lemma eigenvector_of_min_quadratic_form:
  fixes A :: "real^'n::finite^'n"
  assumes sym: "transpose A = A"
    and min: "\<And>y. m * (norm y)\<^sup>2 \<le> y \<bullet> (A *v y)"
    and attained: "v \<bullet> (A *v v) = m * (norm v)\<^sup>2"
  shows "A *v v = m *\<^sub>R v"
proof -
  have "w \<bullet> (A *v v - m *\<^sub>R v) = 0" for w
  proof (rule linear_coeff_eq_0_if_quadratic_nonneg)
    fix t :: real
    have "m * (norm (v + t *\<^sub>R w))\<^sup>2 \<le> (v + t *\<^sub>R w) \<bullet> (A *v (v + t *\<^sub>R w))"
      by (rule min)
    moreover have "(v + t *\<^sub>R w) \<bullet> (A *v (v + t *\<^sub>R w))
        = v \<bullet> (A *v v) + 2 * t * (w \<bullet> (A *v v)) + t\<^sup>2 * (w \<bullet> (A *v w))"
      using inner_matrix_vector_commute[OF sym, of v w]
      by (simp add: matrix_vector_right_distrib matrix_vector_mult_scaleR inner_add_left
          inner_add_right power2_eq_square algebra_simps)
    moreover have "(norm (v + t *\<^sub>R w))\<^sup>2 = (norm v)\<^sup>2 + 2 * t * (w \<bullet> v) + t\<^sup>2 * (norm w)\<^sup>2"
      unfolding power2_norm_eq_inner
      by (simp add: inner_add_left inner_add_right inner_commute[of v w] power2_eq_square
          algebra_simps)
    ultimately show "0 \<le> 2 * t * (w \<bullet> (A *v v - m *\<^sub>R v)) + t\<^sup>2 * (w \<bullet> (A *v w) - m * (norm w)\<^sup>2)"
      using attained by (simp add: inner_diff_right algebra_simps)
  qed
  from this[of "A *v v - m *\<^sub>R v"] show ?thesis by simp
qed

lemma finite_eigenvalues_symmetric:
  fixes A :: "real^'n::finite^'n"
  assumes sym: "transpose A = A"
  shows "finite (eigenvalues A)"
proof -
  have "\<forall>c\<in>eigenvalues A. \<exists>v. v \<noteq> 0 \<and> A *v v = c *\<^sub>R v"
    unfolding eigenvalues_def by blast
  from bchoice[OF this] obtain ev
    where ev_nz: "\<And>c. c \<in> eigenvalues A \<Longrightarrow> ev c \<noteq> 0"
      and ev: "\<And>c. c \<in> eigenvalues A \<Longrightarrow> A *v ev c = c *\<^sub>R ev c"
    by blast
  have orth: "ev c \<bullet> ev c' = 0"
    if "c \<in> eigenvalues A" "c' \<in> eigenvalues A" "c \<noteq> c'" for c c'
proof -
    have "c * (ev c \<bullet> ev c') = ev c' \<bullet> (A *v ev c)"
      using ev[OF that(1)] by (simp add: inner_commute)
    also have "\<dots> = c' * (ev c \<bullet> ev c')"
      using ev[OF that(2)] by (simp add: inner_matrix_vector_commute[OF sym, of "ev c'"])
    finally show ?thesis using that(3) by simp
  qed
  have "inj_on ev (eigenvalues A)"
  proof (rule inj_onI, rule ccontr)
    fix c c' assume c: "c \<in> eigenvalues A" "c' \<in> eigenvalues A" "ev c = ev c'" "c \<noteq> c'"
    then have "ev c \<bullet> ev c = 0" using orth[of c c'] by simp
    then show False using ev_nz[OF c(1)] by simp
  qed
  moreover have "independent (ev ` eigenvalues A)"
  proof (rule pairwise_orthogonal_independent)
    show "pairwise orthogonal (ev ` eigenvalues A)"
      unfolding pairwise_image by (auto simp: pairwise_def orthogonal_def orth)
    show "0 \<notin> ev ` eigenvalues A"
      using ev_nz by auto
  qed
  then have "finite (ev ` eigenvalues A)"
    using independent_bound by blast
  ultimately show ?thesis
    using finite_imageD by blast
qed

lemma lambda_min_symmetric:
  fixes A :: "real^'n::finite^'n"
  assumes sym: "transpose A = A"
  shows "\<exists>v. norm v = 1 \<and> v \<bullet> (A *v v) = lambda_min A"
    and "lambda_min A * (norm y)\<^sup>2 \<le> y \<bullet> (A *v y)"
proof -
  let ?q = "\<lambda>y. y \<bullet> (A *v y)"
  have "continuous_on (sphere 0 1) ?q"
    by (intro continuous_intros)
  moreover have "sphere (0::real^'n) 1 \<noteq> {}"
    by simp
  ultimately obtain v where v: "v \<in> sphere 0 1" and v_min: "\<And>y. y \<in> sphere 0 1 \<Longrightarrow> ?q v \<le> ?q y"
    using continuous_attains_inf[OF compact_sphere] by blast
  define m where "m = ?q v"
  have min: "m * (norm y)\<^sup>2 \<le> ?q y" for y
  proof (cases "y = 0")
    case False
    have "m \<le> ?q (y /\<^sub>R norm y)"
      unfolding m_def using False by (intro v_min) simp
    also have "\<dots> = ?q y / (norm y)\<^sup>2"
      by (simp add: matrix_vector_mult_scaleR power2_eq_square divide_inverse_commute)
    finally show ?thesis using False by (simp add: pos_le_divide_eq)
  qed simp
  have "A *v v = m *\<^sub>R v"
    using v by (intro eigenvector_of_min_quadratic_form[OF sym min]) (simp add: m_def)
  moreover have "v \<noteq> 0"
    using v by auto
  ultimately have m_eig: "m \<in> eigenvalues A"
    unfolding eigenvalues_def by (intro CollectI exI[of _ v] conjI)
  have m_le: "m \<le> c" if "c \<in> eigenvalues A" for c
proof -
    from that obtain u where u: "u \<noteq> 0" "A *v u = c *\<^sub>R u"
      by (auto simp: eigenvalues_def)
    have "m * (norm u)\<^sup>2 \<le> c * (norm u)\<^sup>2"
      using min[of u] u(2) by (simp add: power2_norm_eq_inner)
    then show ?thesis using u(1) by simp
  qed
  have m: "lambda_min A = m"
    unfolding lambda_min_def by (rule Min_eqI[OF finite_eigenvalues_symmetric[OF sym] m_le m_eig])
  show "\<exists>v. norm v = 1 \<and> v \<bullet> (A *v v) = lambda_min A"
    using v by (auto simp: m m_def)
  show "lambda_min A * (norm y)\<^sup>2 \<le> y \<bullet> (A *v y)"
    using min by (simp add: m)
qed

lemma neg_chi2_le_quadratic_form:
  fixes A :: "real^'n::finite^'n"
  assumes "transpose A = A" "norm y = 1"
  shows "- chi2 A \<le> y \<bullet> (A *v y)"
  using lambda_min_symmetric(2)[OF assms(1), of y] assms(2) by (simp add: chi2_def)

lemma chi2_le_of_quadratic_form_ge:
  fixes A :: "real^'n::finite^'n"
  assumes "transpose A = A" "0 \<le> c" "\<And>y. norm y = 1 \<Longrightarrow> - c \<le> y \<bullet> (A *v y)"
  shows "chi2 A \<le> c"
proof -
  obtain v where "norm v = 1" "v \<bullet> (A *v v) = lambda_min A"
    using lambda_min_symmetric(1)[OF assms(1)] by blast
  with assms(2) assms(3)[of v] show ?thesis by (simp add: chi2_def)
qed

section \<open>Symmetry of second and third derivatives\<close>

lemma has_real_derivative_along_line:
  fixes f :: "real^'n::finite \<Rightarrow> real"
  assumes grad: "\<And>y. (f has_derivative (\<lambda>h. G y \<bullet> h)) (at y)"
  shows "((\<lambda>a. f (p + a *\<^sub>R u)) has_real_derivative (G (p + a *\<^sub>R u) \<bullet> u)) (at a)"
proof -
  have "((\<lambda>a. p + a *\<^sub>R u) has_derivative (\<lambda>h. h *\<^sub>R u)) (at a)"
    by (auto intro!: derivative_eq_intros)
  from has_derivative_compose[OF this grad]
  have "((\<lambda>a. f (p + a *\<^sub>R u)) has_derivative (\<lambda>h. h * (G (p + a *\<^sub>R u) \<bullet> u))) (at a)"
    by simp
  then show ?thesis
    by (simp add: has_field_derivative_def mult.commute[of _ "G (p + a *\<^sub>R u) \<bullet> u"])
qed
◇ ◇ ◇ ◇
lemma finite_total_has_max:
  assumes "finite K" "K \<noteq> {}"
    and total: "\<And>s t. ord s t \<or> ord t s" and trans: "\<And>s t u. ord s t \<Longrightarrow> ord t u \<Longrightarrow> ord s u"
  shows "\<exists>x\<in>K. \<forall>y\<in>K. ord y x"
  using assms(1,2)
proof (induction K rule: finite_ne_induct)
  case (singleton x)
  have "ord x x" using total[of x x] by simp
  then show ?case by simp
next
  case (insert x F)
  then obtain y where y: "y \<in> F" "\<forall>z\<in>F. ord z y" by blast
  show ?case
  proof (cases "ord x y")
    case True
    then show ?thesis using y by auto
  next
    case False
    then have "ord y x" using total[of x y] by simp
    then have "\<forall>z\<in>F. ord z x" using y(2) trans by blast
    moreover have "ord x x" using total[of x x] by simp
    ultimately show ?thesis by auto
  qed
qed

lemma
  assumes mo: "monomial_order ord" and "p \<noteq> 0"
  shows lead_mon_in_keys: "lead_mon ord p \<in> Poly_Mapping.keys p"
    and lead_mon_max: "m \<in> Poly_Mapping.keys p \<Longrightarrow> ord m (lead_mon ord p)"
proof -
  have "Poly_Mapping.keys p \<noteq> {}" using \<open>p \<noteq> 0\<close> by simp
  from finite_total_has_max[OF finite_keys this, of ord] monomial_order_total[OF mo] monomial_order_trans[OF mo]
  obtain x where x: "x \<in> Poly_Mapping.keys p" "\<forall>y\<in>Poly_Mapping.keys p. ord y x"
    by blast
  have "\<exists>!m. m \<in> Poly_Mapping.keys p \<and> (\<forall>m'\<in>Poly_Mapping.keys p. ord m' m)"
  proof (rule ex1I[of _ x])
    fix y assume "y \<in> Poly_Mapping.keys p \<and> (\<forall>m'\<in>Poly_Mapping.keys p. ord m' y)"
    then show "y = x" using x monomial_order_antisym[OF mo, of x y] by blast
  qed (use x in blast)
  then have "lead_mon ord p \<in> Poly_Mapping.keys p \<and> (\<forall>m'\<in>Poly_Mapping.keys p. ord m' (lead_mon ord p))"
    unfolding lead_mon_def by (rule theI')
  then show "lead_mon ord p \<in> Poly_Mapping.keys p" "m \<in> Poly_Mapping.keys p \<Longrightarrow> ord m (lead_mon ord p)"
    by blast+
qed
◇ ◇ ◇ ◇
§ **TASK INSTRUCTIONS**: Write down every line of the data above that includes the string "attained".

§ **EXPECTED OUTPUT**:
    and attained: "v \<bullet> (A *v v) = m * (norm v)\<^sup>2"
      using attained by (simp add: inner_diff_right algebra_simps)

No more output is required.